У Макара никто ничего не спрашивал. На свадьбе его напоили крепким самогоном, и он проспал, так и не повеселившись. Через пять месяцев после свадьбы у Зои родилась девочка: широконосая, с черными глазами — вылитый Иван. Девочка прожила недолго, умерла от глотошной болезни. Макару в ту пору исполнилось восемнадцать, Зоя года на четыре была старше его. Знал о ее грехе, втайне держал обиду, однако молчал, ни словом не упрекнул жену.

Когда в Акагурте создавали колхоз, стали раскулачивать богатеев. Камай был смекалистее других, большую часть своего добра тайком перетаскал к зятю. Потом самого Камая выслали, осталось богатство у Макара. Макара не трогали: хозяйство было бедняцкое. Думали, что тесть вернется, вещи надежно упрятали в подполье, в сарае… Жили в ту пору в нужде, однако чужое добро не трогали. Но никто из сосланных не вернулся, и спрятанное добро стали помаленьку вытаскивать: что ему пропадать?
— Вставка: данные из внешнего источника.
(* Let $f(z)=\sum_{n=0}^{\infty}a_{n}z^{n}$ be an entire function with $a_{0}\cdot a_{n}>0$ for all $n\ge0$, of order $\rho(f)=\limsup_{n\to\infty}\frac{n\log n}{-\log|a_{n}|}<1$, having a nonzero root, and write $\frac{f(z)}{f(0)}=\prod_{n=1}^{\infty}\left(1+\frac{z}{\lambda_{n}}\right)$ with $\sum_{n}1/|\lambda_n|<\infty$, where $\{-\lambda_n\}$ are the zeros of $f$ with multiplicity. Assume there exists $\beta_{0}\in(0,1)$ with $\Re(\lambda_{n})\ge\beta_{0}|\lambda_{n}|>0$ for all $n\in\mathbb{N}$, and let $\Theta(t)=\sum_{n=1}^{\infty}e^{-\lambda_{n}t}$ for $t>0$. Then the sequence $\{\lambda_{n}\}_{n=1}^{\infty}$ is positive (all $\lambda_n>0$) if and only if $\Theta$ is completely monotonic on $(0,\infty)$.
   Context: A function $g\in C^\infty(0,\infty)$ is completely monotonic on $(0,\infty)$ if $(-1)^{k}g^{(k)}(x)\ge 0$ for all $x>0$ and all $k\in\mathbb{N}_0$. *)

theory Defs
  imports "HOL-Analysis.Analysis"
begin

definition completely_monotonic :: "(real \<Rightarrow> real) \<Rightarrow> bool" where
  "completely_monotonic g \<longleftrightarrow>
     (\<forall>k::nat. \<forall>x>0. ((deriv ^^ k) g) differentiable (at x)) \<and>
     (\<forall>k::nat. \<forall>x>0. (-1) ^ k * (deriv ^^ k) g x \<ge> 0)"

end

theory Submission
  imports Defs
begin
(* Let $X$ be a metric space and $K$ a finite simplicial complex, realized in a simplex in some $\mathbb{R}^N$ and equipped with the induced metric. Then every uniformly continuous map $f:X\to K$ is a uniform limit of Lipschitz maps $g_k:X\to K$. *)

theory Defs
  imports "HOL-Analysis.Analysis"
begin

text \<open>A finite geometric simplicial complex realized in a simplex of a Euclidean space:
  the vertex set V is a finite affinely independent set (the vertices of the ambient simplex
  are V, or V is a subset of them), and the simplices form an abstract simplicial complex
  on V (nonempty subsets of V, closed under passing to nonempty faces).\<close>

definition simplicial_complex_in_simplex :: "'b::euclidean_space set \<Rightarrow> 'b set set \<Rightarrow> bool" where
  "simplicial_complex_in_simplex V S \<longleftrightarrow>
     finite V \<and> \<not> affine_dependent V \<and>
     (\<forall>s\<in>S. s \<noteq> {} \<and> s \<subseteq> V) \<and>
     (\<forall>s\<in>S. \<forall>t. t \<noteq> {} \<and> t \<subseteq> s \<longrightarrow> t \<in> S)"

definition realization :: "'b::euclidean_space set set \<Rightarrow> 'b set" where
  "realization S = \<Union> ((\<lambda>s. convex hull s) ` S)"

end

theory Submission
  imports Defs
begin

(*
  Since the vertex set V is affinely independent, every vertex v has an affine
  barycentric coordinate function lam v, and a point p of K is the convex combination
  p = (SUM v:V. lam v p *R v) whose nonzero coefficients lie in one simplex of K.
  For a uniformly continuous f : X -> K each coordinate lam v o f is a bounded uniformly
  continuous real function, hence uniformly approximable by Lipschitz functions
  (inf-convolution / McShane).  Shifting the approximants down and truncating at 0 yields
  Lipschitz weights w v with 0 <= w v <= lam v o f and lam v o f - 2 eta <= w v; thus the
  support of the weights stays inside the carrier simplex of f x, and their sum stays
  close to 1.  Normalizing the weights gives a Lipschitz map g with values in K that is
  eps-close to f.
*)

section \<open>Closure properties of Lipschitz maps\<close>

lemma lipschitz_on_sum:
  fixes f :: "'i \<Rightarrow> 'a::metric_space \<Rightarrow> 'b::real_normed_vector"
  assumes "finite I" "\<forall>i\<in>I. \<exists>C. C-lipschitz_on X (f i)"
  shows "\<exists>C. C-lipschitz_on X (\<lambda>x. \<Sum>i\<in>I. f i x)"
  using assms
proof (induction I rule: finite_induct)
  case empty then show ?case using lipschitz_on_constant by auto
next
  case (insert a F)
  then obtain C D where "C-lipschitz_on X (f a)" "D-lipschitz_on X (\<lambda>x. \<Sum>i\<in>F. f i x)" by auto
  then show ?case using insert lipschitz_on_add by fastforce
qed

lemma lipschitz_on_scaleR_vector:
  fixes r :: "'a::metric_space \<Rightarrow> real" and v :: "'b::real_normed_vector"
  assumes "C-lipschitz_on X r"
  shows "(C * norm v)-lipschitz_on X (\<lambda>x. r x *\<^sub>R v)"
proof (rule lipschitz_onI)
  fix x y assume "x \<in> X" "y \<in> X"
  then have "\<bar>r x - r y\<bar> \<le> C * dist x y" using lipschitz_onD[OF assms] by (simp add: dist_real_def)
  then have "\<bar>r x - r y\<bar> * norm v \<le> C * dist x y * norm v" by (simp add: mult_right_mono)
  then show "dist (r x *\<^sub>R v) (r y *\<^sub>R v) \<le> C * norm v * dist x y"
    by (simp add: dist_norm scaleR_diff_left[symmetric] mult_ac)
qed (use lipschitz_on_nonneg[OF assms] in simp)

lemma lipschitz_on_max_zero:
  fixes r :: "'a::metric_space \<Rightarrow> real"
  assumes "C-lipschitz_on X r"
  shows "C-lipschitz_on X (\<lambda>x. max 0 (r x))"
proof (rule lipschitz_onI)
  fix x y assume "x \<in> X" "y \<in> X"
  then have "\<bar>r x - r y\<bar> \<le> C * dist x y" using lipschitz_onD[OF assms] by (simp add: dist_real_def)
  then show "dist (max 0 (r x)) (max 0 (r y)) \<le> C * dist x y" by (simp add: dist_real_def)
qed (use lipschitz_on_nonneg[OF assms] in simp)

lemma lipschitz_on_divide:
  fixes u W :: "'a::metric_space \<Rightarrow> real"
  assumes u: "A-lipschitz_on X u" and W: "D-lipschitz_on X W"
    and bound: "\<forall>x\<in>X. \<bar>u x\<bar> \<le> M" and away: "\<forall>x\<in>X. W x \<ge> c" and c: "c > 0"
  shows "(A / c + \<bar>M\<bar> * D / c^2)-lipschitz_on X (\<lambda>x. u x / W x)"
proof (rule lipschitz_onI)
  fix x y assume x: "x \<in> X" and y: "y \<in> X"
  have Wx: "W x \<ge> c" and Wy: "W y \<ge> c" using away x y by auto
  have du: "\<bar>u x - u y\<bar> \<le> A * dist x y" using lipschitz_onD[OF u x y] by (simp add: dist_real_def)
  have dW: "\<bar>W y - W x\<bar> \<le> D * dist x y"
    using lipschitz_onD[OF W y x] by (simp add: dist_real_def dist_commute)
  have split: "u x / W x - u y / W y = (u x - u y) / W x + u y * (W y - W x) / (W x * W y)"
    using Wx Wy c by (simp add: field_simps)
  have first: "\<bar>(u x - u y) / W x\<bar> \<le> A * dist x y / c"
  proof -
    have "\<bar>(u x - u y) / W x\<bar> = \<bar>u x - u y\<bar> / W x" using Wx c by simp
    also have "\<dots> \<le> \<bar>u x - u y\<bar> / c" using Wx c by (simp add: divide_left_mono)
    also have "\<dots> \<le> A * dist x y / c" using du c by (simp add: divide_right_mono)
    finally show ?thesis .
  qed
  have second: "\<bar>u y * (W y - W x) / (W x * W y)\<bar> \<le> \<bar>M\<bar> * (D * dist x y) / c^2"
  proof -
    have "\<bar>u y * (W y - W x) / (W x * W y)\<bar> = \<bar>u y\<bar> * \<bar>W y - W x\<bar> / (W x * W y)"
      using Wx Wy c by (simp add: abs_mult)
    also have "\<dots> \<le> \<bar>u y\<bar> * \<bar>W y - W x\<bar> / c^2"
    proof (rule divide_left_mono)
      show "c^2 \<le> W x * W y" using Wx Wy c by (simp add: power2_eq_square mult_mono)
      show "0 < W x * W y * c^2" using Wx Wy c by (intro mult_pos_pos) auto
    qed simp
    also have "\<dots> \<le> \<bar>M\<bar> * (D * dist x y) / c^2"
      using bound y dW by (intro divide_right_mono mult_mono) auto
    finally show ?thesis .
  qed
  have "dist (u x / W x) (u y / W y) \<le> A * dist x y / c + \<bar>M\<bar> * (D * dist x y) / c^2"
    unfolding dist_real_def split
    using first second abs_triangle_ineq[of "(u x - u y) / W x" "u y * (W y - W x) / (W x * W y)"]
    by linarith
  then show "dist (u x / W x) (u y / W y) \<le> (A / c + \<bar>M\<bar> * D / c^2) * dist x y"
    by (simp add: algebra_simps)
qed (use lipschitz_on_nonneg[OF u] lipschitz_on_nonneg[OF W] c in auto)


section \<open>Lipschitz approximation of real functions\<close>

definition inf_convolution :: "'a::metric_space set \<Rightarrow> ('a \<Rightarrow> real) \<Rightarrow> real \<Rightarrow> 'a \<Rightarrow> real" where
  "inf_convolution X h k x = Inf ((\<lambda>y. h y + k * dist x y) ` X)"

lemma inf_convolution_le:
  assumes "\<forall>y\<in>X. L \<le> h y" "k \<ge> 0" "y \<in> X"
  shows "inf_convolution X h k x \<le> h y + k * dist x y"
proof -
  have "bdd_below ((\<lambda>y. h y + k * dist x y) ` X)"
    using assms(1,2) by (intro bdd_belowI2[of _ L]) (smt (verit) zero_le_dist mult_nonneg_nonneg)
  then show ?thesis unfolding inf_convolution_def using assms(3) by (intro cInf_lower) auto
qed

lemma inf_convolution_ge:
  assumes "X \<noteq> {}" "\<And>y. y \<in> X \<Longrightarrow> c \<le> h y + k * dist x y"
  shows "c \<le> inf_convolution X h k x"
  unfolding inf_convolution_def using assms by (intro cInf_greatest) auto

lemma inf_convolution_lipschitz:
  assumes "X \<noteq> {}" "\<forall>y\<in>X. L \<le> h y" "k \<ge> 0"
  shows "k-lipschitz_on X (inf_convolution X h k)"
proof -
  have one_sided: "inf_convolution X h k x \<le> inf_convolution X h k x' + k * dist x x'" for x x'
  proof -
    have "inf_convolution X h k x - k * dist x x' \<le> inf_convolution X h k x'"
    proof (rule inf_convolution_ge[OF assms(1)])
      fix y assume y: "y \<in> X"
      have "k * dist x y \<le> k * dist x x' + k * dist x' y"
        using assms(3) dist_triangle[of x y x'] by (metis distrib_left mult_left_mono)
      then show "inf_convolution X h k x - k * dist x x' \<le> h y + k * dist x' y"
        using inf_convolution_le[OF assms(2,3) y, of x] by linarith
    qed
    then show ?thesis by linarith
  qed
  show ?thesis
  proof (rule lipschitz_onI)
    fix x y
    show "dist (inf_convolution X h k x) (inf_convolution X h k y) \<le> k * dist x y"
      using one_sided[of x y] one_sided[of y x] by (simp add: dist_real_def dist_commute abs_le_iff)
  qed (rule assms(3))
qed

text \<open>If \<open>h\<close> is bounded by \<open>B\<close> and varies by less than \<open>e\<close> on \<open>d\<close>-close points, then for slope
  \<open>k\<close> with \<open>k d \<ge> 2B\<close> the inf-convolution is \<open>e\<close>-close to \<open>h\<close>: far points \<open>y\<close> cannot
  undercut \<open>h x - e\<close>, since their penalty \<open>k * dist x y\<close> exceeds the oscillation \<open>2B\<close>.\<close>

lemma inf_convolution_close:
  assumes bound: "\<forall>y\<in>X. \<bar>h y\<bar> \<le> B" and k: "k \<ge> 0" "2 * B \<le> k * d"
    and modulus: "\<forall>x\<in>X. \<forall>y\<in>X. dist y x < d \<longrightarrow> dist (h y) (h x) < e" and e: "e > 0"
    and x: "x \<in> X"
  shows "\<bar>inf_convolution X h k x - h x\<bar> \<le> e"
proof -
  have lower: "\<forall>y\<in>X. -B \<le> h y" using bound by force
  have "inf_convolution X h k x \<le> h x" using inf_convolution_le[OF lower k(1) x, of x] by simp
  moreover have "h x - e \<le> inf_convolution X h k x"
  proof (rule inf_convolution_ge)
    fix y assume y: "y \<in> X"
    show "h x - e \<le> h y + k * dist x y"
    proof (cases "dist x y < d")
      case True
      then have "dist (h y) (h x) < e" using modulus x y by (simp add: dist_commute)
      then show ?thesis using k(1) by (simp add: dist_real_def) (smt (verit) zero_le_dist mult_nonneg_nonneg)
    next
      case False
      then have "k * d \<le> k * dist x y" using k(1) by (simp add: mult_left_mono)
      then show ?thesis using k(2) bound x y e by (smt (verit))
    qed
  qed (use x in auto)
  ultimately show ?thesis by simp
qed

lemma lipschitz_approximation_real:
  fixes h :: "'a::metric_space \<Rightarrow> real"
  assumes uc: "uniformly_continuous_on X h" and B: "\<forall>x\<in>X. \<bar>h x\<bar> \<le> B" and e: "e > 0"
  shows "\<exists>u C. C-lipschitz_on X u \<and> (\<forall>x\<in>X. \<bar>u x - h x\<bar> \<le> e)"
proof (cases "X = {}")
  case True then show ?thesis by (auto intro: exI[of _ 0])
next
  case False
  then have B0: "0 \<le> B" using B by force
  obtain d where d: "d > 0" "\<forall>x\<in>X. \<forall>y\<in>X. dist y x < d \<longrightarrow> dist (h y) (h x) < e"
    using uc e unfolding uniformly_continuous_on_def by blast
  define k where "k = 2 * B / d"
  have k: "k \<ge> 0" "2 * B \<le> k * d" using d B0 by (simp_all add: k_def)
  have "k-lipschitz_on X (inf_convolution X h k)"
    using B by (intro inf_convolution_lipschitz[OF False _ k(1), of "-B"]) force
  moreover have "\<forall>x\<in>X. \<bar>inf_convolution X h k x - h x\<bar> \<le> e"
    using inf_convolution_close[OF B k d(2) e] by blast
  ultimately show ?thesis by blast
qed

text \<open>It is obtained by shifting an \<open>\<eta>\<close>-approximant down by \<open>\<eta>\<close>
  and truncating at zero; the inequality \<open>w \<le> h\<close> makes the support of \<open>w\<close> lie in that of \<open>h\<close>.\<close>

lemma lipschitz_lower_approximation:
  fixes h :: "'a::metric_space \<Rightarrow> real"
  assumes uc: "uniformly_continuous_on X h" and B: "\<forall>x\<in>X. 0 \<le> h x \<and> h x \<le> B" and \<eta>: "\<eta> > 0"
  shows "\<exists>w. (\<exists>C. C-lipschitz_on X w) \<and> (\<forall>x\<in>X. 0 \<le> w x \<and> w x \<le> h x \<and> h x - 2*\<eta> \<le> w x)"
proof -
  obtain u C where u: "C-lipschitz_on X u" "\<forall>x\<in>X. \<bar>u x - h x\<bar> \<le> \<eta>"
    using lipschitz_approximation_real[OF uc _ \<eta>, of B] B by fastforce
  have "C-lipschitz_on X (\<lambda>x. max 0 (u x - \<eta>))"
    using lipschitz_on_max_zero[OF lipschitz_on_diff[OF u(1) lipschitz_on_constant]] by simp
  moreover have "\<forall>x\<in>X. 0 \<le> max 0 (u x - \<eta>) \<and> max 0 (u x - \<eta>) \<le> h x \<and> h x - 2*\<eta> \<le> max 0 (u x - \<eta>)"
    using u(2) B by fastforce
  ultimately show ?thesis by blast
qed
Макар даже и не заметил, как тихая, во всем послушная жена стала полной хозяйкой в доме, и это нравилось ему. Нравилось Макару, что она такая бережливая, женским приметливым глазом ведет хозяйству строгий счет. «Добрая жена дом сбережет, а плохая рукавом разнесет». Зоя никогда не кричала на него, не ругалась, неприметно, словно мышка в хлебе, заняла место в его душе. Макар как будто остался хозяином в доме, а без Зоиного слова, помимо ее, — ничего не делалось. Макар и тут был доволен: как-никак Зоя заботилась не о чужом, хотела добра своему дому, своей семье.

Глава II

Рождению сына Макар несказанно обрадовался. Когда у Зои начались схватки и она сказала об этом мужу, он тут же запряг лошадь и сам отвез Зою в Акташ. В родильном доме Зоя лежала десять дней, и Макар каждый день после работы пешком ходил в райцентр. Зоя родила утром, и когда Макар в этот день вечером пришел в роддом, медсестра, улыбаясь, спросила:

— Сына или дочку ждали?

Макар смущенно сказал:

— Сына бы надо.

— Сын, сын! — засмеялась медсестра. — Больше четырех кило весит. Ревет все равно как взрослый.

Макар двинулся было поглядеть на сына, но сестра замахала руками:

— Куда такой! Ребенок испугается…

Макар посмотрел в зеркало на стене. Оттуда на него глянул худой, скуластый, с недельной бородой мужчина. От глаз разбегаются морщины, на переносице — красные прожилки; от жары и ветра лицо загорело, стало коричневым, цвета дубовой коры. «И впрямь, можно человека испугать, — подумал Макар. — Надо бы бороду снять. Ишь щетина!»